Let’s move to 3d though for another example. Think about a color, representing as a red, green, and blue component (as they often are). Now, suppose you wish to blend two colors. If you simply combine individual components you’ll have issues with luminosity. If you instead consider the color as a coordinate in a 3-space, like a 3d Point, you get a better solution: the blended color is merely the middle point between the two other points. If you start looking more into colors, you’ll actually notice that things like luminosity, hue, color-space conversion, and matching tend to be expressable as vector and matrix operations.

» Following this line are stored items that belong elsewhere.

section \<open>Gluing polynomial pieces\<close>

lemma poly_piece_eq_poly_knot_interval:
  assumes continuous: "\<And>j. 1 \<le> j \<Longrightarrow> j \<le> int g \<Longrightarrow> poly (Q (j - 1)) (lam j) = poly (Q j) (lam j)"
    and j: "0 \<le> j" "j \<le> int g" "x \<in> {lam j..lam (j + 1)}"
  shows "poly (Q (piece x)) x = poly (Q j) x"
proof -
  have "in_piece (piece x) x"
    using j(3) knot_interval_subset by (intro in_piece_piece) blast
  then have "piece x \<le> int g"
    using in_piece_imp_closed by blast
  then show ?thesis
    using piece_in_closed_knot_interval[OF j] continuous[of "j + 1"] j by auto
qed

lemma continuous_on_piecewise_poly:
  assumes "\<And>j. 1 \<le> j \<Longrightarrow> j \<le> int g \<Longrightarrow> poly (Q (j - 1)) (lam j) = poly (Q j) (lam j)"
  shows "continuous_on {a..b} (\<lambda>x. poly (Q (piece x)) x)"
  unfolding Icc_eq_Union_knot_intervals
proof (rule continuous_on_closed_Union)
  fix j assume "j \<in> {0..int g}"
  then show "continuous_on {lam j..lam (j + 1)} (\<lambda>x. poly (Q (piece x)) x)"
    using poly_piece_eq_poly_knot_interval[OF assms]
    by (auto intro: continuous_on_eq[OF continuous_on_poly[OF continuous_on_id]])
qed auto

lemma has_real_derivative_piecewise_poly:
  assumes continuous: "\<And>j. 1 \<le> j \<Longrightarrow> j \<le> int g \<Longrightarrow> poly (Q (j - 1)) (lam j) = poly (Q j) (lam j)"
    and continuous_deriv: "\<And>j. 1 \<le> j \<Longrightarrow> j \<le> int g \<Longrightarrow>
      poly (pderiv (Q (j - 1))) (lam j) = poly (pderiv (Q j)) (lam j)"
    and "x \<in> {a..b}"
  shows "((\<lambda>y. poly (Q (piece y)) y) has_real_derivative poly (pderiv (Q (piece x))) x)
    (at x within {a..b})"
  unfolding Icc_eq_Union_knot_intervals
proof (rule has_field_derivative_within_closed_Union)
  fix j assume j: "j \<in> {0..int g}" "x \<in> {lam j..lam (j + 1)}"
  have "((\<lambda>y. poly (Q j) y) has_real_derivative poly (pderiv (Q (piece x))) x)
      (at x within {lam j..lam (j + 1)})"
    using poly_piece_eq_poly_knot_interval[of "\<lambda>j. pderiv (Q j)", OF continuous_deriv] j
    by (auto intro: has_field_derivative_at_within simp: poly_DERIV)
  then show "((\<lambda>y. poly (Q (piece y)) y) has_real_derivative poly (pderiv (Q (piece x))) x)
      (at x within {lam j..lam (j + 1)})"
    by (rule has_field_derivative_transform_within[where d = 1])
       (use j poly_piece_eq_poly_knot_interval[OF continuous] in auto)
qed auto
lemma ustar_in_unit_interval:
  assumes Q: "stochastic_kernel Q" and \<gamma>: "0 \<le> \<gamma>" "\<gamma> < 1" and "0 \<le> M"
    and r: "\<And>t a. 0 \<le> r t a \<and> r t a \<le> 1" and V: "clip M (bellman r Q \<gamma> V) = V"
  shows "bellman r Q \<gamma> V s - \<gamma> * V s \<in> {0..1}"
proof -
  let ?T = "bellman r Q \<gamma> V"
  have V_eq: "V t = min (?T t) (M + (MIN t. ?T t))" for t
    using fun_cong[OF V, of t] by (simp add: clip_def)
  have "0 \<le> V s"
    using Q \<gamma> \<open>0 \<le> M\<close> _ V by (rule clip_bellman_fixpoint_nonneg) (use r in blast)
  then have "\<gamma> * V s \<le> V s"
    using \<gamma> by (intro mult_left_le_one_le) auto
  then have lower: "0 \<le> ?T s - \<gamma> * V s"
    using V_eq[of s] by linarith
  have upper: "?T s - \<gamma> * V s \<le> 1"
  proof (cases "V s = ?T s")
    case True
    have V_le: "V t \<le> 1 / (1 - \<gamma>)" for t
      using Q \<gamma> _ V by (rule clip_bellman_fixpoint_le) (use r in blast)
    have "?T s \<le> 1 + \<gamma> * (1 / (1 - \<gamma>))"
      using Q \<gamma>(1) _ V_le by (rule bellman_le) (use r in blast)
    then have "(1 - \<gamma>) * ?T s \<le> (1 - \<gamma>) * (1 + \<gamma> * (1 / (1 - \<gamma>)))"
      using \<gamma>(2) by (intro mult_left_mono) auto
    also have "\<dots> = 1"
      using \<gamma>(2) by (simp add: field_simps)
    finally show ?thesis
      using True by (simp add: algebra_simps)
  next
    case False
    then have "V s = M + (MIN t. ?T t)"
      using V_eq[of s] by (simp add: min_def split: if_splits)
    then have V_le: "V t \<le> V s" for t
      using V_eq[of t] by linarith
    have "?T s \<le> 1 + \<gamma> * V s"
      using Q \<gamma>(1) _ V_le by (rule bellman_le) (use r in blast)
    then show ?thesis
      by simp
  qed
  show ?thesis
    using lower upper by simp
qed

lemma bellman_mod_reward_absorb_kernel:
  "bellman (mod_reward r s u) (absorb_kernel Q s) \<gamma> V t
     = (if t = s then u + \<gamma> * V s else bellman r Q \<gamma> V t)"
proof (cases "t = s")
  case True
  have "absorb_kernel Q s s a t' * V t' = (if t' = s then V s else 0)" for a t'
    by (simp add: absorb_kernel_def)
  then show ?thesis
    using True by (simp add: bellman_def mod_reward_def)
qed (simp add: bellman_def mod_reward_def absorb_kernel_def)

lemma clipped_fix_absorb_kernel_at_ustar:
  assumes Q: "stochastic_kernel Q" and \<gamma>: "0 \<le> \<gamma>" "\<gamma> < 1"
    and V: "V = clipped_fix M (bellman r Q \<gamma>)"
  shows "clipped_fix M (bellman (mod_reward r s (bellman r Q \<gamma> V s - \<gamma> * V s)) (absorb_kernel Q s) \<gamma>) = V"
proof (rule clipped_fix_unique[where \<gamma> = \<gamma>])
  show "supnorm_contraction \<gamma> (\<lambda>W. clip M
      (bellman (mod_reward r s (bellman r Q \<gamma> V s - \<gamma> * V s)) (absorb_kernel Q s) \<gamma> W))"
    using stochastic_kernel_absorb_kernel[OF Q] \<gamma>(1) by (rule supnorm_contraction_clip_bellman)
  have "bellman (mod_reward r s (bellman r Q \<gamma> V s - \<gamma> * V s)) (absorb_kernel Q s) \<gamma> V
      = bellman r Q \<gamma> V"
    by (simp add: fun_eq_iff bellman_mod_reward_absorb_kernel)
  then show "clip M (bellman (mod_reward r s (bellman r Q \<gamma> V s - \<gamma> * V s)) (absorb_kernel Q s) \<gamma> V) = V"
    using clipped_fix_eq[OF supnorm_contraction_clip_bellman[OF Q \<gamma>(1)] \<gamma>] V by simp
qed (use \<gamma> in auto)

Where does this leave our Point data type? While logically we perform different operations on points, complex numbers, and colors, underneath they are all the same vector operations. Does this mean our Point class, and functions, are nothing more than different names for the vector operations?
To The Point
As I said in the beginning, I’m not striving for a conclusion here, simply interested in exploring the complexity involved in a very basic data type. We’ve seen here that different types can be represented by the same data structures (point and complex number). Functions can have the same meaning even if the representation changes (rotating a cartesian versus polar coordinate). Types from different domains can actually share implementations (colors and 3d points). We’ve also seen that our simple point class also requires a context to really mean anything at all.
While reading programming literature I often see terms like “concrete”, “logical” and “abstract” data type bandied about without clear consideration of what they actually mean. It seems that one’s perspective on the data could change the definitions. Are we considering the operations on the data, or the underlying binary representation? Does our result exist in a virtual space, or does it represent a concrete location on a device?
All these questions are perhaps not significant for one program. In the general realm of object oriented programming and language design they become very relevant. It’s not an easy topic, nor do I think we’re done exploring it; I’ll certainly come back to it. For now though, each time you code a new data structure, just think about our one question, “What is a point?”